Esto nos indica que hay 154 de clase positiva y el resto de clase negativa. Es decir, está desbalanceado en aproximadamente 30/70. Tenemos que tener en cuenta entonces esto a la hora de splitear los datos.

# 1) Separación de datos

Para la separación de datos de evaluación, lo primero que tuvimos en cuenta fue evaluar la distribucion de etiquetas de los minions entrevistados. Al revisar esto notamos que hay un desbalance entre minions que fueron aceptados vs aquellos que no (aproximadamente fueron aceptados el 30% de los postulantes). Por lo tanto es primordial que mantengamos la proporción entre estas dos clases cuando hagamos los _k-folds_, ya que de no realizarlo nuestro predictor no se entrenaría con las proporciones correctas de los datos. 

En segundo lugar tenemos que tener en cuenta la cantidad de candidatos que tenemos. Solamente 500 postulados resulta una base de datos más bien reducida, por lo que no tenemos margen a la hora de decidir nuestra estrategia a la hora de separación de datos. Lo que nuestro grupo propone es realizar una separación del 10% para utilizar en la etapa de evaluación final, manteniendo el 90% restante para el desarrollo de nuestros modelos (todo esto haciendo _stratified split_ para que el desbalance de datos no nos perjudique a futuro).

#########################
Revisar juntos, cuando hacemos el train_test_split se elije al azar, se mantiene las proporciones de las clases pero se hace al azar, no estamos considerando el desbalanceo. mas datos para eval??

In [None]:
from sklearn.model_selection import train_test_split

X_dev, X_eval, y_dev, y_eval = train_test_split(minions_dataset, y, shuffle=True, random_state=4, test_size=0.1) # quedan 15 positivos para eval

print(f"X_train dimensión: {X_dev.shape}")
print(f"y_train dimensión: {y_dev.shape}")
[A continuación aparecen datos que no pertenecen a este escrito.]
(* Let $\mathsf{op}_0\mathsf{op}_1\cdots\mathsf{op}_n$ be a nonempty sequence over the alphabet $\{\uparrow_1,\uparrow_2,\downarrow_1,\downarrow_2,\Downarrow\}$ which is valid, i.e. applying the operations successively to the empty order-2 stack $[[\,]]$ is defined at every step. Let $L_1$ and $L_2$ be the languages generated by the nonterminals $S_1$ and $S_2$ of the context-free grammar $$S_1 \to \uparrow_1 \mid S_1\uparrow_2 \mid S_1S_1\downarrow_1 \mid S_1S_2\downarrow_2 \mid S_1S_2S_1\Downarrow,\qquad S_2\to \uparrow_2 \mid S_2\uparrow_1 \mid S_2\downarrow_1 \mid S_2S_2\downarrow_2 \mid S_2S_2S_1\Downarrow .$$ Then for all $0\le i\le j\le n$: (P1) $\mathsf{push}_1(j)=i$ iff $\mathsf{op}_i\cdots\mathsf{op}_j\in L_1$; (P2) $\mathsf{Push}_2(j)=i$ iff $\mathsf{op}_i\cdots\mathsf{op}_j\in L_2$; (P3) $\mathsf{push}_1(j)=-1$ iff $\mathsf{op}_k\cdots\mathsf{op}_j\notin L_1$ for all $0\le k\le j$; (P4) $\mathsf{Push}_2(j)=-1$ iff $\mathsf{op}_k\cdots\mathsf{op}_j\notin L_2$ for all $0\le k\le j$.
   Context: Order-2 collapsible stacks over a finite set $S$ of stack symbols: an order-2 stack is $W=[[u_1][u_2]\cdots[u_n]]$ ($n\ge1$) where each $u_i$ is a word over $S\times\{0,1,\dots,i-1\}$ (the second component is a collapse link to the index of a stack below). The empty order-2 stack is $[[\,]]$ (one empty order-1 stack). Operations: $\uparrow_2$ (order-2 push) duplicates the topmost stack: $[[u_1]\cdots[u_n]]\mapsto[[u_1]\cdots[u_n][u_n]]$; $\downarrow_2$ (order-2 pop) removes the topmost stack, undefined if $n=1$; $\uparrow_1$ (order-1 push of some symbol $s$, the symbol being irrelevant here) maps $[[u_1]\cdots[u_n]]$ to $[[u_1]\cdots[u_n(s,n-1)]]$; $\downarrow_1$ (order-1 pop) removes the last letter of $u_n$, undefined if $u_n$ is empty; $\Downarrow$ (collapse): if $u_n=u_n'(s,i)$ then $[[u_1]\cdots[u_n]]\mapsto[[u_1]\cdots[u_i]]$ (undefined if $u_n$ empty or $i=0$). For a valid sequence and $0\le j\le n$, $\mathsf{push}_1(j)$ is the position $i$ of the $\uparrow_1$ operation that pushed the top symbol of the top order-1 stack present after executing $\mathsf{op}_j$, and $\mathsf{push}_1(j)=-1$ if that top order-1 stack is empty; $\mathsf{Push}_2(j)$ is the position of the $\uparrow_2$ operation that pushed (duplicated) the top order-1 stack present after executing $\mathsf{op}_j$, and $\mathsf{Push}_2(j)=-1$ if the order-2 stack then contains only one order-1 stack. *)

theory Defs
  imports Main
begin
print(f"X_test dimensión: {X_eval.shape}")
print(f"y_test dimensión: {y_eval.shape}")


# 2) Construcción de modelos

## 2.1) Árbol default con max_height 3

In [None]:
from sklearn.tree import DecisionTreeClassifier

arbol_gini_3 = DecisionTreeClassifier(max_depth=3)

## 2.2) Iteradores de cross validation

In [None]:

from sklearn.model_selection import StratifiedShuffleSplit, StratifiedKFold

# consultamos y podemos usar stratifieldk fold, sacaria el otro creo para no complejizar pero eventualmente podriamos comparar los.
# evaluar que tanto conviene entrenar balanceado vs entrenar con las proporciones reales.
balanced_k_fold = StratifiedKFold(n_splits=5, shuffle=True, random_state=42)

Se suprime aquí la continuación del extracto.